OK I've just been watchin a program on sky about a company in USA that recover and rescue raccoons, 

i remember a while back seeing somewhere someone was sellin 1,
but i wanted to know are they on the DWA list or can anyone keep them.

*and before the usual lot get on there high horses an start the slaggin match,* 



*NO i don't want 1 and never will.*​ 
i have a very large German Shepard that hates everything apart from immediate family an close friends oh yeah an food


----------



## HABU (Mar 21, 2007)

man, lots of people have them here.... i see them all the time... i'm in raccoon central! great pets BTW if you are dedicated... they were even my camping buddies....very cool.:no1:


----------



## Esarosa (Jul 13, 2007)

I believe racoons were taking off the DWA in November of last year?

There was quite a stir at the time because of the considerable damage they can inflict on their keepers..and the dwa is supposed to be there to protect keepers apparantly.


----------



## HABU (Mar 21, 2007)

you have to raise 'em right.


----------



## Moshpitviper (Oct 21, 2005)

I know someone who almost lost his nose to a raccoon..... beware.


----------



## Art_Gecko101 (May 6, 2006)

i've read theyre VISCIOUS!!! and unpredictable so i doubt they;d make good pet tbh


----------



## jonnydotcom (Sep 8, 2006)

like i said its not that i want 1 
i was just wonderin if any1 in the UK had 1. all the video's i have seen of them they tend to be pretty nasty but sayin that most of the time they are just about to be put in a travel cage by some rescue person.


----------



## HABU (Mar 21, 2007)

Art_Gecko101 said:


> i've read theyre VISCIOUS!!! and unpredictable so i doubt they;d make good pet tbh


 
so are people..... they make good pets so long as you always keep in mind that they are wild animals...not inbred domestics.... they are not a cat or dog or bunny rabbit... these are wild things and you have to know how to appreiciate them... if anyone wants a goof-proof mammal go and buy a guinea pig. what raccoons are is what is endearing about them...i'd hate to see a retarded, domestic raccoon myself.:crazy:


----------



## Nerys (Apr 18, 2005)

yes people do keep them, there is also a wild population of racoons in the uk, dating from the time they were first put on the dwa..

they were indeed lifted last year from the dwa, much to the consternation of many who have worked with them, or know people who have worked with them in the past

they can, i am told, be very unpredictable and sometimes inflict bad wounds on their keepers..

sure rory will say more :lol2:

N


----------



## TSKA Rory Matier (May 27, 2007)

Hi J.com,

Racoons are a nice exotic to keep.

Prices can vary pending seller and time they are available and also whether they are to be hand reared and bottle fed to 'older ones'.

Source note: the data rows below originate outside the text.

lemma pd1_casorati:
  assumes "N = Suc K"
  shows "pd1 (casorati n m) xm x = det_cols (a m (n - 1) xm x # col_range (\<lambda>k. a m k xm x) (n + 1) K)"
proof -
  let ?cols = "col_range (\<lambda>k. a m k xm x) n N"
  let ?new = "\<lambda>k. a m (n + int k - 1) xm x"
  have "((\<lambda>s. casorati n m s x) has_field_derivative (\<Sum>k<N. det_cols (?cols[k := ?new k]))) (at xm)"
    unfolding casorati_def col_range_def
    by (rule has_field_derivative_det_cols[where F="\<lambda>s j. a m (n + int j) s x"]) (rule has_field_derivative_xm)
  moreover have "det_cols (?cols[Suc k := ?new (Suc k)]) = 0" if "k < K" for k
  proof -
    have "?new (Suc k) = ?cols ! k" using that assms by (simp add: algebra_simps)
    then show ?thesis using det_cols_update_eq_nth[of k ?cols "Suc k"] that assms by simp
  qed
  ultimately have "pd1 (casorati n m) xm x = det_cols (?cols[0 := ?new 0])"
    unfolding pd1_def using assms by (simp add: DERIV_imp_deriv sum.lessThan_Suc_shift del: sum.lessThan_Suc)
  also have "?cols[0 := ?new 0] = a m (n - 1) xm x # col_range (\<lambda>k. a m k xm x) (n + 1) K"
    using assms by (simp add: col_range_Suc_Cons)
  finally show ?thesis .
qed

lemma pd12_casorati:
  assumes N: "N = Suc (Suc K)"
  shows "pd1 (pd2 (casorati n m)) xm x
       = det_cols (a m (n - 1) xm x # col_range (\<lambda>k. a m k xm x) (n + 1) K @ [a m (n + int N) xm x])
         + casorati n m xm x"
proof -
  define e where "e j = n + int j + (if j = Suc K then 1 else 0)" for j
  let ?cols = "map (\<lambda>j. a m (e j) xm x) [0..<N]"
  let ?new = "\<lambda>k. a m (e k - 1) xm x"
  have pd2: "pd2 (casorati n m) s x = det_cols (map (\<lambda>j. a m (e j) s x) [0..<N])" for s
    unfolding pd2_casorati[OF N]
    by (rule arg_cong[of _ _ det_cols], rule nth_equalityI)
      (auto simp: e_def N nth_append less_Suc_eq algebra_simps)
  have "((\<lambda>s. pd2 (casorati n m) s x) has_field_derivative (\<Sum>k<N. det_cols (?cols[k := ?new k]))) (at xm)"
    unfolding pd2
    by (rule has_field_derivative_det_cols[where F="\<lambda>s j. a m (e j) s x"]) (rule has_field_derivative_xm)
  moreover have "det_cols (?cols[Suc k := ?new (Suc k)]) = 0" if "k < K" for k
  proof -
    have "?new (Suc k) = ?cols ! k" using that N by (simp add: e_def nth_append)
    then show ?thesis using det_cols_update_eq_nth[of k ?cols "Suc k"] that N by simp
  qed
  ultimately have "pd1 (pd2 (casorati n m)) xm x
      = det_cols (?cols[0 := ?new 0]) + det_cols (?cols[Suc K := ?new (Suc K)])"
    unfolding pd1_def N using N
    by (simp add: DERIV_imp_deriv sum.lessThan_Suc_shift[of _ "Suc K"] del: sum.lessThan_Suc)
      (simp add: sum.lessThan_Suc)
  also have "?cols[0 := ?new 0]
      = a m (n - 1) xm x # col_range (\<lambda>k. a m k xm x) (n + 1) K @ [a m (n + int N) xm x]"
    by (rule nth_equalityI) (auto simp: e_def N nth_append nth_Cons' algebra_simps)
  also have "det_cols (?cols[Suc K := ?new (Suc K)]) = casorati n m xm x"
    unfolding casorati_def
    by (rule arg_cong[of _ _ det_cols], rule nth_equalityI)
      (auto simp: e_def N nth_list_update nth_append less_Suc_eq algebra_simps)
  finally show ?thesis .
qed

lemma casorati_single_column:
  assumes "N = 1"
  shows "casorati n m xm x = a m n xm x 0"
    and "pd1 (casorati n m) xm x = a m (n - 1) xm x 0"
    and "pd2 (casorati n m) xm x = a m (n + 1) xm x 0"
    and "pd1 (pd2 (casorati n m)) xm x = a m n xm x 0"
proof -
  have pd2: "pd2 (casorati n m) s x = a m (n + 1) s x 0" for s
    using pd2_casorati[where K=0 and xm=s] assms by (simp add: det_cols_single)
  show "casorati n m xm x = a m n xm x 0"
    unfolding casorati_def using assms by (simp add: col_range_Suc_Cons det_cols_single)
  show "pd1 (casorati n m) xm x = a m (n - 1) xm x 0"
    using pd1_casorati[where K=0] assms by (simp add: det_cols_single)
  show "pd2 (casorati n m) xm x = a m (n + 1) xm x 0"
    by (rule pd2)
  show "pd1 (pd2 (casorati n m)) xm x = a m n xm x 0"
    unfolding pd1_def pd2 using has_field_derivative_xm[where k="n + 1" and i=0] by (simp add: DERIV_imp_deriv)
qed

lemma casorati_bilinear_single_column:
  assumes "N = 1" and "c \<noteq> 0"
  shows "(1/2) * hirota12 (casorati n m) (casorati n m) xm x - casorati n m xm x * casorati n m xm x
       = - (casorati (n + 1) m xm x * casorati (n - 1) m xm x)"
    and "inverse c * hirota1 (casorati n m) (casorati n (m + 1)) xm x - casorati n m xm x * casorati n (m + 1) xm x
       + casorati (n + 1) m xm x * casorati (n - 1) (m + 1) xm x = 0"
    and "c * hirota2 (casorati (n + 1) m) (casorati n (m + 1)) xm x - casorati (n + 1) m xm x * casorati n (m + 1) xm x
       + casorati n m xm x * casorati (n + 1) (m + 1) xm x = 0"
proof -
  have shifts: "a m (n - 1) xm x 0 = a (m + 1) (n - 1) xm x 0 + c * a m n xm x 0"
    "a m n xm x 0 = a (m + 1) n xm x 0 + c * a m (n + 1) xm x 0"
    "a m (n + 1) xm x 0 = a (m + 1) (n + 1) xm x 0 + c * a m (n + 2) xm x 0"
    using shift[of m "n - 1" xm x 0] shift[of m n xm x 0] shift[of m "n + 1" xm x 0]
    by (simp_all add: algebra_simps)
  note tau = casorati_single_column[OF assms(1)]
  show "(1/2) * hirota12 (casorati n m) (casorati n m) xm x - casorati n m xm x * casorati n m xm x
      = - (casorati (n + 1) m xm x * casorati (n - 1) m xm x)"
    by (simp add: hirota12_self tau algebra_simps)
  show "inverse c * hirota1 (casorati n m) (casorati n (m + 1)) xm x - casorati n m xm x * casorati n (m + 1) xm x
      + casorati (n + 1) m xm x * casorati (n - 1) (m + 1) xm x = 0"
    unfolding hirota1_def tau using shifts(1,2) assms(2) by (simp add: field_simps)
  show "c * hirota2 (casorati (n + 1) m) (casorati n (m + 1)) xm x - casorati (n + 1) m xm x * casorati n (m + 1) xm x
      + casorati n m xm x * casorati (n + 1) (m + 1) xm x = 0"
    unfolding hirota2_def tau using shifts(2,3) by (simp add: algebra_simps)
qed

lemma casorati_bilinear_xm_x:
  assumes N: "N = Suc (Suc K)"
  shows "(1/2) * hirota12 (casorati n m) (casorati n m) xm x - casorati n m xm x * casorati n m xm x
       = - (casorati (n + 1) m xm x * casorati (n - 1) m xm x)"
proof -
  let ?v = "\<lambda>k. a m k xm x"
  let ?U = "col_range ?v (n + 1) K"
  have tau: "casorati n m xm x = det_cols (?v n # ?U @ [?v (n + int K + 1)])"
    unfolding casorati_def by (simp add: N col_range_Suc_Suc)
  have pd1_tau: "pd1 (casorati n m) xm x = det_cols (?v (n - 1) # ?U @ [?v (n + int K + 1)])"
    using pd1_casorati[OF N] by (simp add: col_range_Suc_snoc algebra_simps)
  have pd2_tau: "pd2 (casorati n m) xm x = det_cols (?v n # ?U @ [?v (n + int K + 2)])"
    using pd2_casorati[OF N] by (simp add: col_range_Suc_Cons N algebra_simps)
  have pd12_tau: "pd1 (pd2 (casorati n m)) xm x
      = det_cols (?v (n - 1) # ?U @ [?v (n + int K + 2)]) + casorati n m xm x"
    using pd12_casorati[OF N] by (simp add: N algebra_simps)
  have tau_next: "casorati (n + 1) m xm x = det_cols (?U @ [?v (n + int K + 1), ?v (n + int K + 2)])"
    unfolding casorati_def by (simp add: N col_range_Suc_snoc algebra_simps)
  have tau_prev: "casorati (n - 1) m xm x = det_cols (?v (n - 1) # ?v n # ?U)"
    unfolding casorati_def by (simp add: N col_range_Suc_Cons)
  have "(1/2) * hirota12 (casorati n m) (casorati n m) xm x - casorati n m xm x * casorati n m xm x
      = pd1 (pd2 (casorati n m)) xm x * casorati n m xm x - pd1 (casorati n m) xm x * pd2 (casorati n m) xm x
        - casorati n m xm x * casorati n m xm x"
    by (simp add: hirota12_self)
  also have "\<dots> = - (casorati (n + 1) m xm x * casorati (n - 1) m xm x)"
    using det_cols_jacobi[of "?v (n - 1)" ?U "?v (n + int K + 1)" "?v n" "?v (n + int K + 2)"]
    unfolding pd12_tau pd1_tau pd2_tau tau_next tau_prev tau by (simp add: algebra_simps)
  finally show ?thesis .
qed

lemma casorati_bilinear_xm:
  assumes N: "N = Suc (Suc K)" and "c \<noteq> 0"
  shows "inverse c * hirota1 (casorati n m) (casorati n (m + 1)) xm x - casorati n m xm x * casorati n (m + 1) xm x
       + casorati (n + 1) m xm x * casorati (n - 1) (m + 1) xm x = 0"
proof -
  let ?v = "\<lambda>k. a m k xm x"
  let ?b = "\<lambda>k. a (m + 1) k xm x"
  let ?U = "col_range ?b (n + 1) K"
  let ?e = "n + int K + 1"
  have tau': "casorati n (m + 1) xm x = det_cols (?b n # ?U @ [?b ?e])"
    unfolding casorati_def by (simp add: N col_range_Suc_Suc)
  have pd1_tau': "pd1 (casorati n (m + 1)) xm x = det_cols (?b (n - 1) # ?U @ [?b ?e])"
    using pd1_casorati[OF N] by (simp add: col_range_Suc_snoc algebra_simps)
  have tau_prev': "casorati (n - 1) (m + 1) xm x = det_cols (?b (n - 1) # ?b n # ?U)"
    unfolding casorati_def by (simp add: N col_range_Suc_Cons)
  have tau: "casorati n m xm x = det_cols (?b n # ?U @ [?v ?e])"
    using det_cols_eliminate_shifts[of "[]" m xm x n "Suc K" "[]"]
    unfolding casorati_def by (simp add: N col_range_Suc_Cons algebra_simps)
  have pd1_tau: "pd1 (casorati n m) xm x = det_cols (?b (n - 1) # ?U @ [?v ?e]) + c * casorati n m xm x"
  proof -
    have "pd1 (casorati n m) xm x = det_cols (?v (n - 1) # ?U @ [?v ?e])"
      using pd1_casorati[OF N] det_cols_eliminate_shifts[of "[?v (n - 1)]" m xm x "n + 1" K "[]"]
      by (simp add: algebra_simps)
    moreover have "casorati n m xm x = det_cols (?v n # ?U @ [?v ?e])"
      using det_cols_eliminate_shifts[of "[?v n]" m xm x "n + 1" K "[]"]
      unfolding casorati_def by (simp add: N col_range_Suc_Cons algebra_simps)
    ultimately show ?thesis
      using det_cols_shift_column[of "[]" m "n - 1" xm x "?U @ [?v ?e]"] by simp
  qed
  have tau_next: "c * casorati (n + 1) m xm x = det_cols (?U @ [?b ?e, ?v ?e])"
  proof -
    have "casorati (n + 1) m xm x = det_cols (?U @ [?b ?e, ?v (?e + 1)])"
      using det_cols_eliminate_shifts[of "[]" m xm x "n + 1" "Suc K" "[]"]
      unfolding casorati_def by (simp add: N col_range_Suc_snoc algebra_simps)
    then show ?thesis
      using det_cols_shift_column[of "?U @ [?b ?e]" m ?e xm x "[]"] det_cols_repeated[of ?U "?b ?e" "[]" "[]"]
      by simp
  qed
  have "inverse c * hirota1 (casorati n m) (casorati n (m + 1)) xm x - casorati n m xm x * casorati n (m + 1) xm x
      = inverse c * (det_cols (?b (n - 1) # ?U @ [?v ?e]) * det_cols (?b n # ?U @ [?b ?e])
          - det_cols (?b n # ?U @ [?v ?e]) * det_cols (?b (n - 1) # ?U @ [?b ?e]))"
    unfolding hirota1_def pd1_tau pd1_tau' tau' tau using assms(2) by (simp add: field_simps)
  also have "\<dots> = - inverse c * (det_cols (?b (n - 1) # ?b n # ?U) * det_cols (?U @ [?b ?e, ?v ?e]))"
    using arg_cong[OF det_cols_jacobi[of "?b (n - 1)" ?U "?b ?e" "?b n" "?v ?e"], of uminus]
    by (simp add: mult.commute)
  also have "\<dots> = - (casorati (n + 1) m xm x * casorati (n - 1) (m + 1) xm x)"
    unfolding tau_prev' tau_next[symmetric] using assms(2) by (simp add: field_simps)
  finally show ?thesis by simp
qed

Bottle feeding Racoons l am told is a very heavy handed task, much more so in comparison to bottle feeding Coatimundis.

But you can secure them from as little as £75 each to as much as £450 each.

As Nerys says they did come off the DWAL October 1st 2007. To me this was a bad move, but only because of the injuries l received from my mauling.

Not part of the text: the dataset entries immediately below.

lemma mass_nonneg: "(\<And>i. i \<le> M \<Longrightarrow> 0 \<le> x i) \<Longrightarrow> 0 \<le> mass M x"
  unfolding mass_def by (auto intro: sum_nonneg)

lemma mass_eq_0_imp_zero:
  "(\<And>i. i \<le> M \<Longrightarrow> 0 \<le> x i) \<Longrightarrow> mass M x = 0 \<Longrightarrow> i \<le> M \<Longrightarrow> x i = 0"
  unfolding mass_def by (subst (asm) sum_nonneg_eq_0_iff) auto

lemma prob_vec_normalize:
  "(\<And>i. i \<le> M \<Longrightarrow> 0 \<le> x i) \<Longrightarrow> 0 < mass M x \<Longrightarrow> prob_vec M (\<lambda>i. x i / mass M x)"
  unfolding prob_vec_def by (auto simp: sum_divide_distrib[symmetric] mass_def)

lemma persp_cong:
  assumes "\<And>p q. (\<And>i. i \<le> M \<Longrightarrow> p i = q i) \<Longrightarrow> f p = f q"
    and "\<And>i. i \<le> M \<Longrightarrow> x i = y i"
  shows "persp M f x = persp M f y"
proof -
  have "mass M x = mass M y" unfolding mass_def using assms(2) by simp
  moreover have "f (\<lambda>i. x i / mass M y) = f (\<lambda>i. y i / mass M y)"
    using assms(2) by (intro assms(1)) simp
  ultimately show ?thesis unfolding persp_def by simp
qed

lemma persp_scale: "0 \<le> c \<Longrightarrow> persp M f (\<lambda>i. c * x i) = c * persp M f x"
proof -
  assume c: "0 \<le> c"
  have m: "mass M (\<lambda>i. c * x i) = c * mass M x"
    unfolding mass_def by (simp add: sum_distrib_left)
  show ?thesis
  proof (cases "c = 0 \<or> mass M x = 0")
    case False
    then have "(\<lambda>i. c * x i / (c * mass M x)) = (\<lambda>i. x i / mass M x)" by auto
    then show ?thesis unfolding persp_def m using False by auto
  qed (auto simp: persp_def m)
qed

lemma persp_superadd:
  assumes f: "concave_prob M f" "\<And>p q. (\<And>i. i \<le> M \<Longrightarrow> p i = q i) \<Longrightarrow> f p = f q"
    and x: "\<And>i. i \<le> M \<Longrightarrow> 0 \<le> x i" and y: "\<And>i. i \<le> M \<Longrightarrow> 0 \<le> y i"
  shows "persp M f (\<lambda>i. x i + y i) \<ge> persp M f x + persp M f y"
proof -
  define a where "a = mass M x"
  define b where "b = mass M y"
  have mass_sum: "mass M (\<lambda>i. x i + y i) = a + b"
    unfolding mass_def a_def b_def by (simp add: sum.distrib)
  consider "a = 0" | "b = 0" | "0 < a" "0 < b"
    using mass_nonneg[OF x] mass_nonneg[OF y] unfolding a_def b_def by fastforce
  then show ?thesis
  proof cases
    case 1
    have "x i = 0" if "i \<le> M" for i
      using mass_eq_0_imp_zero[of M x i] x that 1 unfolding a_def by blast
    then have "persp M f (\<lambda>i. x i + y i) = persp M f y"
      by (intro persp_cong[OF f(2)]) auto
    with 1 show ?thesis by (simp add: persp_def a_def)
  next
    case 2
    have "y i = 0" if "i \<le> M" for i
      using mass_eq_0_imp_zero[of M y i] y that 2 unfolding b_def by blast
    then have "persp M f (\<lambda>i. x i + y i) = persp M f x"
      by (intro persp_cong[OF f(2)]) auto
    with 2 show ?thesis by (simp add: persp_def b_def)
  next
    case 3
    define lam where "lam = a / (a + b)"
    have lam: "0 \<le> lam" "lam \<le> 1" "(a + b) * lam = a" "(a + b) * (1 - lam) = b"
      "1 - lam = b / (a + b)"
      using 3 by (auto simp: lam_def field_simps)
    have "lam * (x i / a) + (1 - lam) * (y i / b) = (x i + y i) / (a + b)" for i
      using 3 lam(5) by (simp add: lam_def add_divide_distrib)
    then have mix: "(\<lambda>i. (x i + y i) / (a + b)) = (\<lambda>i. lam * (x i / a) + (1 - lam) * (y i / b))"
      by simp
    have "prob_vec M (\<lambda>i. x i / a)" "prob_vec M (\<lambda>i. y i / b)"
      using prob_vec_normalize[of M x] prob_vec_normalize[of M y] x y 3
      by (simp_all add: a_def b_def)
    then have "f (\<lambda>i. (x i + y i) / (a + b))
        \<ge> lam * f (\<lambda>i. x i / a) + (1 - lam) * f (\<lambda>i. y i / b)"
      unfolding mix using lam(1,2) by (rule concave_probD[OF f(1)])
    then have "(a + b) * (lam * f (\<lambda>i. x i / a) + (1 - lam) * f (\<lambda>i. y i / b))
        \<le> (a + b) * f (\<lambda>i. (x i + y i) / (a + b))"
      using 3 by (intro mult_left_mono) auto
    then have "a * f (\<lambda>i. x i / a) + b * f (\<lambda>i. y i / b)
        \<le> (a + b) * f (\<lambda>i. (x i + y i) / (a + b))"
      by (simp add: distrib_left mult.assoc[symmetric] lam(3,4))
    then show ?thesis using 3 unfolding persp_def mass_sum a_def[symmetric] b_def[symmetric]
      by simp
  qed
qed

lemma persp_mix:
  assumes "concave_prob M f" "\<And>p q. (\<And>i. i \<le> M \<Longrightarrow> p i = q i) \<Longrightarrow> f p = f q"
    and "\<And>i. i \<le> M \<Longrightarrow> 0 \<le> x i" "\<And>i. i \<le> M \<Longrightarrow> 0 \<le> y i" "0 \<le> lam" "lam \<le> 1"
  shows "persp M f (\<lambda>i. lam * x i + (1 - lam) * y i)
           \<ge> lam * persp M f x + (1 - lam) * persp M f y"
  using persp_superadd[OF assms(1,2), of "\<lambda>i. lam * x i" "\<lambda>i. (1 - lam) * y i"] assms(3-6)
  by (simp add: persp_scale)

definition Wmin :: "nat \<Rightarrow> real \<Rightarrow> real \<Rightarrow> real \<Rightarrow> (nat \<Rightarrow> nat \<Rightarrow> real) \<Rightarrow> nat \<Rightarrow>
    (nat \<Rightarrow> real) \<Rightarrow> real" where
  "Wmin M cu cl beta P n b = Min ((\<lambda>s. W M cu cl beta P n b s) ` {..M})"

definition tail_from :: "nat \<Rightarrow> (nat \<Rightarrow> real) \<Rightarrow> nat \<Rightarrow> real" where
  "tail_from r b = (\<lambda>i. if r \<le> i then b i else 0)"

lemma W_cong:
  "r \<le> M \<Longrightarrow> (\<And>i. i \<le> M \<Longrightarrow> p i = q i) \<Longrightarrow> W M cu cl beta P n p r = W M cu cl beta P n q r"
proof (induction n arbitrary: r)
  case 0
  then show ?case unfolding W.simps Cbar_def
    by (intro arg_cong2[where f="(+)"] arg_cong2[where f="(*)"] refl sum.cong) auto
next
  case (Suc n)
  have S: "(\<Sum>i\<in>{r..M}. p i) = (\<Sum>i\<in>{r..M}. q i)" using Suc.prems by (intro sum.cong) auto
  have "vmul M (Tr M r p) P = vmul M (Tr M r q) P"
    unfolding vmul_def Tr_def using Suc.prems S by (intro ext sum.cong) auto
  moreover have "Cbar M cu cl p r = Cbar M cu cl q r" unfolding Cbar_def
    using Suc.prems by (intro arg_cong2[where f="(+)"] arg_cong2[where f="(*)"] refl sum.cong) auto
  moreover have "(\<Sum>i<r. p i * Wmin M cu cl beta P n (P i)) = (\<Sum>i<r. q i * Wmin M cu cl beta P n (P i))"
    using Suc.prems by (intro sum.cong) auto
  ultimately show ?case using S by (simp add: Wmin_def)
qed

lemma Wmin_cong:
  "(\<And>i. i \<le> M \<Longrightarrow> p i = q i) \<Longrightarrow> Wmin M cu cl beta P n p = Wmin M cu cl beta P n q"
  unfolding Wmin_def by (intro arg_cong[where f=Min] image_cong refl W_cong) auto

lemma mass_vmul_tail_from:
  assumes "stochastic M P"
  shows "mass M (vmul M (tail_from r b) P) = (\<Sum>i\<in>{r..M}. b i)"
proof -
  have "mass M (vmul M (tail_from r b) P) = (\<Sum>i\<le>M. tail_from r b i * (\<Sum>j\<le>M. P i j))"
    unfolding mass_def vmul_def by (subst sum.swap) (simp add: sum_distrib_left)
  also have "\<dots> = (\<Sum>i\<le>M. tail_from r b i)"
    using assms unfolding stochastic_def by (intro sum.cong) auto
  also have "\<dots> = (\<Sum>i\<in>{..M} \<inter> {i. r \<le> i}. b i)"
    unfolding tail_from_def by (simp add: sum.inter_restrict)
  also have "{..M} \<inter> {i. r \<le> i} = {r..M}" by auto
  finally show ?thesis .
qed

lemma persp_vmul_tail_from:
  assumes "stochastic M P"
  shows "persp M f (vmul M (tail_from r b) P)
       = (if (\<Sum>i\<in>{r..M}. b i) = 0 then 0
          else (\<Sum>i\<in>{r..M}. b i) * f (vmul M (Tr M r b) P))"
proof (cases "(\<Sum>i\<in>{r..M}. b i) = 0")
  case False
  have "(\<lambda>i. vmul M (tail_from r b) P i / (\<Sum>i\<in>{r..M}. b i)) = vmul M (Tr M r b) P"
    unfolding vmul_def Tr_def tail_from_def by (auto simp: sum_divide_distrib intro!: ext sum.cong)
  with False show ?thesis unfolding persp_def mass_vmul_tail_from[OF assms] by simp
qed (simp add: persp_def mass_vmul_tail_from[OF assms])

lemma W_Suc_persp:
  assumes "stochastic M P"
  shows "W M cu cl beta P (Suc n) b r = Cbar M cu cl b r + beta *
           (persp M (Wmin M cu cl beta P n) (vmul M (tail_from r b) P)
            + (\<Sum>i<r. b i * Wmin M cu cl beta P n (P i)))"
  unfolding persp_vmul_tail_from[OF assms] by (simp add: Wmin_def)

lemma sum_mix:
  "(\<Sum>i\<in>A. (lam * b1 i + (1 - lam) * b2 i) * g i)
     = lam * (\<Sum>i\<in>A. b1 i * g i) + (1 - lam) * (\<Sum>i\<in>A. b2 i * (g i :: real))"
  unfolding sum_distrib_left sum.distrib[symmetric] by (rule sum.cong) (auto simp: algebra_simps)

lemma Cbar_mix:
  "Cbar M cu cl (\<lambda>i. lam * b1 i + (1 - lam) * b2 i) r
     = lam * Cbar M cu cl b1 r + (1 - lam) * Cbar M cu cl b2 r"
  unfolding Cbar_def sum_mix by (simp add: algebra_simps)

lemma vmul_tail_from_mix:
  "vmul M (tail_from r (\<lambda>i. lam * b1 i + (1 - lam) * b2 i)) P
     = (\<lambda>j. lam * vmul M (tail_from r b1) P j + (1 - lam) * vmul M (tail_from r b2) P j)"
proof -
  have tail_mix: "tail_from r (\<lambda>i. lam * b1 i + (1 - lam) * b2 i)
      = (\<lambda>i. lam * tail_from r b1 i + (1 - lam) * tail_from r b2 i)"
    unfolding tail_from_def by auto
  show ?thesis unfolding tail_mix vmul_def sum_mix ..
qed

lemma vmul_tail_from_nonneg:
  "stochastic M P \<Longrightarrow> prob_vec M b \<Longrightarrow> j \<le> M \<Longrightarrow> 0 \<le> vmul M (tail_from r b) P j"
  unfolding vmul_def tail_from_def stochastic_def prob_vec_def by (auto intro!: sum_nonneg)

I have kept Racoons and they are as said a nice species, until the day, that a keeper makes one little mistake which at the same time corresponds with the female being in season.

This is not an occurance with all keepers, sadly just me.

I made the mistake of snatching back a ten pound note from my male Batfink, at the same time as handling the female...leading to a major ouch!!

23 or so bites within a two minute attack, rendering tendons in both arms still healing from nearly three years ago.

Not as nasty a bite as some primates, nor cat species, but still an inflictive bite/s all the same.

They are an easy species to maintain in so far as some of the exotics, but l would say to all thinking of a Racoon, think, research, think, definately research.

R


----------



## jonnydotcom (Sep 8, 2006)

cheers for the info guys


----------



## HABU (Mar 21, 2007)




----------



## jonnydotcom (Sep 8, 2006)

HABU said:


>


 there soooo cute


----------



## glidergirl (Nov 27, 2006)

I have a friend who has hand reared a raccoon, so yes people do keep them. 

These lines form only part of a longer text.